Since the pandemic, weekly clientele demand at the Ikurraq Food Bank in Rankin Inlet has doubled, and the society that runs it is struggling to keep up.
“Our organization is purely volunteer,” said David Fredlund, President of the food bank society. “It’s purely on donations and applying for funding, grants, things like that. There’s a certain point at which we might not be able to sustain ourselves if we have too many people that are coming.”

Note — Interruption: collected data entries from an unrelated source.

definition closed :: "('o,'m,'z) smcc_scheme \<Rightarrow> bool" where
  "closed C \<longleftrightarrow>
    (\<forall>B Z. ev C B Z \<in> hom C (tn C (ihm C B Z) B) Z) \<and>
    (\<forall>X B Z f. f \<in> hom C (tn C X B) Z \<longrightarrow>
        (\<exists>!g. g \<in> hom C X (ihm C B Z) \<and> cmp C (ev C B Z) (tnm C g (idn C B)) = f))"

definition symmetric_closed_monoidal :: "('o,'m,'z) smcc_scheme \<Rightarrow> bool" where
  "symmetric_closed_monoidal C \<longleftrightarrow> symmetric_monoidal C \<and> closed C"

definition curry_m :: "('o,'m,'z) smcc_scheme \<Rightarrow> 'o \<Rightarrow> 'o \<Rightarrow> 'o \<Rightarrow> 'm \<Rightarrow> 'm" where
  "curry_m C X B Z f = (THE g. g \<in> hom C X (ihm C B Z) \<and> cmp C (ev C B Z) (tnm C g (idn C B)) = f)"

record ('o,'m) smonad =
  Mo :: "'o \<Rightarrow> 'o"
  Mm :: "'m \<Rightarrow> 'm"
  eta :: "'o \<Rightarrow> 'm"
  mu :: "'o \<Rightarrow> 'm"
  st :: "'o \<Rightarrow> 'o \<Rightarrow> 'm"

definition monad :: "('o,'m,'z) smcc_scheme \<Rightarrow> ('o,'m,'y) smonad_scheme \<Rightarrow> bool" where
  "monad C T \<longleftrightarrow>
    (\<forall>X Y f. f \<in> hom C X Y \<longrightarrow> Mm T f \<in> hom C (Mo T X) (Mo T Y)) \<and>
    (\<forall>X. Mm T (idn C X) = idn C (Mo T X)) \<and>
    (\<forall>X Y Z f g. f \<in> hom C X Y \<longrightarrow> g \<in> hom C Y Z \<longrightarrow> Mm T (cmp C g f) = cmp C (Mm T g) (Mm T f)) \<and>
    (\<forall>X. eta T X \<in> hom C X (Mo T X)) \<and>
    (\<forall>X. mu T X \<in> hom C (Mo T (Mo T X)) (Mo T X)) \<and>
    (\<forall>X Y f. f \<in> hom C X Y \<longrightarrow> cmp C (eta T Y) f = cmp C (Mm T f) (eta T X)) \<and>
    (\<forall>X Y f. f \<in> hom C X Y \<longrightarrow> cmp C (mu T Y) (Mm T (Mm T f)) = cmp C (Mm T f) (mu T X)) \<and>
    (\<forall>X. cmp C (mu T X) (Mm T (mu T X)) = cmp C (mu T X) (mu T (Mo T X))) \<and>
    (\<forall>X. cmp C (mu T X) (eta T (Mo T X)) = idn C (Mo T X)) \<and>
    (\<forall>X. cmp C (mu T X) (Mm T (eta T X)) = idn C (Mo T X))"

definition strong_monad :: "('o,'m,'z) smcc_scheme \<Rightarrow> ('o,'m,'y) smonad_scheme \<Rightarrow> bool" where
  "strong_monad C T \<longleftrightarrow> monad C T \<and>
    (\<forall>X Y. st T X Y \<in> hom C (tn C (Mo T X) Y) (Mo T (tn C X Y))) \<and>
    (\<forall>X Y X' Y' f g. f \<in> hom C X Y \<longrightarrow> g \<in> hom C X' Y' \<longrightarrow>
        cmp C (st T Y Y') (tnm C (Mm T f) g) = cmp C (Mm T (tnm C f g)) (st T X X')) \<and>
    (\<forall>X. cmp C (Mm T (ru C X)) (st T X (unI C)) = ru C (Mo T X)) \<and>
    (\<forall>X Y Z. cmp C (st T X (tn C Y Z)) (asc C (Mo T X) Y Z) =
        cmp C (Mm T (asc C X Y Z)) (cmp C (st T (tn C X Y) Z) (tnm C (st T X Y) (idn C Z)))) \<and>
    (\<forall>X Y. cmp C (st T X Y) (tnm C (eta T X) (idn C Y)) = eta T (tn C X Y)) \<and>
    (\<forall>X Y. cmp C (st T X Y) (tnm C (mu T X) (idn C Y)) =
        cmp C (mu T (tn C X Y)) (cmp C (Mm T (st T X Y)) (st T (Mo T X) Y)))"

definition lst :: "('o,'m,'z) smcc_scheme \<Rightarrow> ('o,'m,'y) smonad_scheme \<Rightarrow> 'o \<Rightarrow> 'o \<Rightarrow> 'm" where
  "lst C T X Y = cmp C (Mm T (sy C Y X)) (cmp C (st T Y X) (sy C X (Mo T Y)))"

definition commutative_monad :: "('o,'m,'z) smcc_scheme \<Rightarrow> ('o,'m,'y) smonad_scheme \<Rightarrow> bool" where
  "commutative_monad C T \<longleftrightarrow> strong_monad C T \<and>
    (\<forall>X Y. cmp C (mu T (tn C X Y)) (cmp C (Mm T (st T X Y)) (lst C T (Mo T X) Y)) =
           cmp C (mu T (tn C X Y)) (cmp C (Mm T (lst C T X Y)) (st T X (Mo T Y))))"

definition em_algebra :: "('o,'m,'z) smcc_scheme \<Rightarrow> ('o,'m,'y) smonad_scheme \<Rightarrow> 'o \<Rightarrow> 'm \<Rightarrow> bool" where
  "em_algebra C T E a \<longleftrightarrow> a \<in> hom C (Mo T E) E \<and>
     cmp C a (eta T E) = idn C E \<and>
     cmp C a (Mm T a) = cmp C a (mu T E)"

definition monoid_obj :: "('o,'m,'z) smcc_scheme \<Rightarrow> 'o \<Rightarrow> 'm \<Rightarrow> 'm \<Rightarrow> bool" where
  "monoid_obj C E m u \<longleftrightarrow> m \<in> hom C (tn C E E) E \<and> u \<in> hom C (unI C) E \<and>
     cmp C m (tnm C m (idn C E)) = cmp C m (cmp C (tnm C (idn C E) m) (asc C E E E)) \<and>
     cmp C m (tnm C u (idn C E)) = lu C E \<and>
     cmp C m (tnm C (idn C E) u) = ru C E"

definition sym_em_monoid ::
  "('o,'m,'z) smcc_scheme \<Rightarrow> ('o,'m,'y) smonad_scheme \<Rightarrow> 'o \<Rightarrow> 'm \<Rightarrow> 'm \<Rightarrow> 'm \<Rightarrow> bool" where
  "sym_em_monoid C T E a m u \<longleftrightarrow> em_algebra C T E a \<and> monoid_obj C E m u \<and>
     cmp C a (cmp C (Mm T m) (cmp C (mu T (tn C E E)) (cmp C (Mm T (lst C T E E)) (st T E (Mo T E))))) =
     cmp C m (tnm C a a)"

definition kcomp :: "('o,'m,'z) smcc_scheme \<Rightarrow> ('o,'m,'y) smonad_scheme \<Rightarrow> 'o \<Rightarrow> 'm" where
  "kcomp C T A = (let H = ihm C A (Mo T A) in
     curry_m C (tn C H H) A (Mo T A)
       (cmp C (mu T A) (cmp C (Mm T (ev C A (Mo T A))) (cmp C (lst C T H A)
          (cmp C (tnm C (idn C H) (ev C A (Mo T A))) (asc C H H A))))))"

definition kident :: "('o,'m,'z) smcc_scheme \<Rightarrow> ('o,'m,'y) smonad_scheme \<Rightarrow> 'o \<Rightarrow> 'm" where
  "kident C T A = curry_m C (unI C) A (Mo T A) (cmp C (eta T A) (lu C A))"

definition qmap :: "('o,'m,'z) smcc_scheme \<Rightarrow> ('o,'m,'y) smonad_scheme \<Rightarrow> 'o \<Rightarrow> 'm" where
  "qmap C T A = (let H = ihm C A (Mo T A) in
     cmp C (mu T A) (cmp C (Mm T (ev C A (Mo T A))) (st T H A)))"

end

theory Submission
  imports Defs
begin

text \<open>All four structure maps on \<open>A \<Rightarrow> MA\<close> are curried, and a curried map is determined by its
  uncurried form. Each axiom is therefore checked by uncurrying both sides and rewriting them, with
  the monad, strength and coherence laws, to a common normal form. The Eilenberg--Moore and monoid
  laws need only a strong monad: they are the unit and associativity laws of Kleisli composition,
  transported along the left strength, whose unit, multiplication and associativity laws follow from
  those of the strength through the symmetry. Commutativity enters only in the compatibility of the
  algebra with the multiplication, where it swaps the order in which two \<open>M\<close>-computations of
  Kleisli maps are run.\<close>

locale symmetric_closed_monoidal_category =
  fixes C :: "('o,'m) smcc"
  assumes smcc: "symmetric_closed_monoidal C"
begin

abbreviation comp (infixr "\<cdot>" 55) where "g \<cdot> f \<equiv> cmp C g f"
abbreviation tensor (infix "\<otimes>" 60) where "f \<otimes> g \<equiv> tnm C f g"
abbreviation tensor_obj (infix "\<odot>" 60) where "X \<odot> Y \<equiv> tn C X Y"
abbreviation "idm \<equiv> idn C"
abbreviation "\<I> \<equiv> unI C"
abbreviation "\<alpha> \<equiv> asc C"
abbreviation "\<sigma> \<equiv> sy C"
abbreviation "lunit \<equiv> lu C"
abbreviation "runit \<equiv> ru C"

definition arr where "arr f \<longleftrightarrow> (\<exists>X Y. f \<in> hom C X Y)"
definition src where "src f = (THE X. \<exists>Y. f \<in> hom C X Y)"
definition tgt where "tgt f = (THE Y. \<exists>X. f \<in> hom C X Y)"

lemma category_C: "category C"
  and monoidal_C: "monoidal C"
  and symmetric_monoidal_C: "symmetric_monoidal C"
  and closed_C: "closed C"
  using smcc unfolding symmetric_closed_monoidal_def symmetric_monoidal_def monoidal_def by simp_all

lemma hom_unique: "f \<in> hom C X Y \<Longrightarrow> f \<in> hom C X' Y' \<Longrightarrow> X = X' \<and> Y = Y'"
  using category_C by (simp add: category_def)

lemma hom_iff: "f \<in> hom C X Y \<longleftrightarrow> arr f \<and> src f = X \<and> tgt f = Y"
proof
  assume f: "f \<in> hom C X Y"
  have "src f = X" unfolding src_def using f hom_unique by (intro the_equality) blast+
  moreover have "tgt f = Y" unfolding tgt_def using f hom_unique by (intro the_equality) blast+
  ultimately show "arr f \<and> src f = X \<and> tgt f = Y" using f arr_def by blast
next
  assume f: "arr f \<and> src f = X \<and> tgt f = Y"
  then obtain X' Y' where f': "f \<in> hom C X' Y'" using arr_def by blast
  have "src f = X'" unfolding src_def using f' hom_unique by (intro the_equality) blast+
  moreover have "tgt f = Y'" unfolding tgt_def using f' hom_unique by (intro the_equality) blast+
  ultimately show "f \<in> hom C X Y" using f f' by simp
qed

lemma id_hom: "idm X \<in> hom C X X"
  using category_C by (simp add: category_def)

lemma comp_hom: "f \<in> hom C X Y \<Longrightarrow> g \<in> hom C Y Z \<Longrightarrow> g \<cdot> f \<in> hom C X Z"
  using category_C by (simp add: category_def)

lemma tensor_hom: "f \<in> hom C X Y \<Longrightarrow> g \<in> hom C X' Y' \<Longrightarrow> f \<otimes> g \<in> hom C (X \<odot> X') (Y \<odot> Y')"
  using monoidal_C by (simp add: monoidal_def)

lemma arr_id [simp]: "arr (idm X)" and src_id [simp]: "src (idm X) = X" and tgt_id [simp]: "tgt (idm X) = X"
  using id_hom hom_iff by blast+

lemma arr_comp [simp]: "arr f \<Longrightarrow> arr g \<Longrightarrow> src g = tgt f \<Longrightarrow> arr (g \<cdot> f)"
  and src_comp [simp]: "arr f \<Longrightarrow> arr g \<Longrightarrow> src g = tgt f \<Longrightarrow> src (g \<cdot> f) = src f"
  and tgt_comp [simp]: "arr f \<Longrightarrow> arr g \<Longrightarrow> src g = tgt f \<Longrightarrow> tgt (g \<cdot> f) = tgt g"
  using comp_hom[of f "src f" "tgt f" g "tgt g"] hom_iff by auto

lemma arr_tensor [simp]: "arr f \<Longrightarrow> arr g \<Longrightarrow> arr (f \<otimes> g)"
  and src_tensor [simp]: "arr f \<Longrightarrow> arr g \<Longrightarrow> src (f \<otimes> g) = src f \<odot> src g"
  and tgt_tensor [simp]: "arr f \<Longrightarrow> arr g \<Longrightarrow> tgt (f \<otimes> g) = tgt f \<odot> tgt g"
  using tensor_hom[of f "src f" "tgt f" g "src g" "tgt g"] hom_iff by auto

lemma comp_assoc [simp]:
  assumes "arr f" "arr g" "arr h" "src g = tgt f" "src h = tgt g"
  shows "(h \<cdot> g) \<cdot> f = h \<cdot> (g \<cdot> f)"
proof -
  have "f \<in> hom C (src f) (tgt f)" "g \<in> hom C (tgt f) (tgt g)" "h \<in> hom C (tgt g) (tgt h)"
    using assms hom_iff by auto
  then show ?thesis using category_C unfolding category_def by metis
qed

lemma id_comp [simp]: "arr f \<Longrightarrow> tgt f = X \<Longrightarrow> idm X \<cdot> f = f"
  and comp_id [simp]: "arr f \<Longrightarrow> src f = X \<Longrightarrow> f \<cdot> idm X = f"
  using category_C hom_iff[of f "src f" "tgt f"] by (auto simp: category_def)

lemma tensor_id [simp]: "idm X \<otimes> idm Y = idm (X \<odot> Y)"
  using monoidal_C by (simp add: monoidal_def)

Pre-pandemic, the food bank would serve about 30 families per week. The packages they provide are meant to sustain a family of four for a few days, enough to fill the gap between pay cheques, or supplement the basics missing from a household.
But now, some 70 families a week are turning to the food bank for help. That was manageable when Covid funds were flowing, but post-pandemic, the food bank can barely meet demand.
It’s leaving organizers in a difficult position forced to figure out how to address the growing need.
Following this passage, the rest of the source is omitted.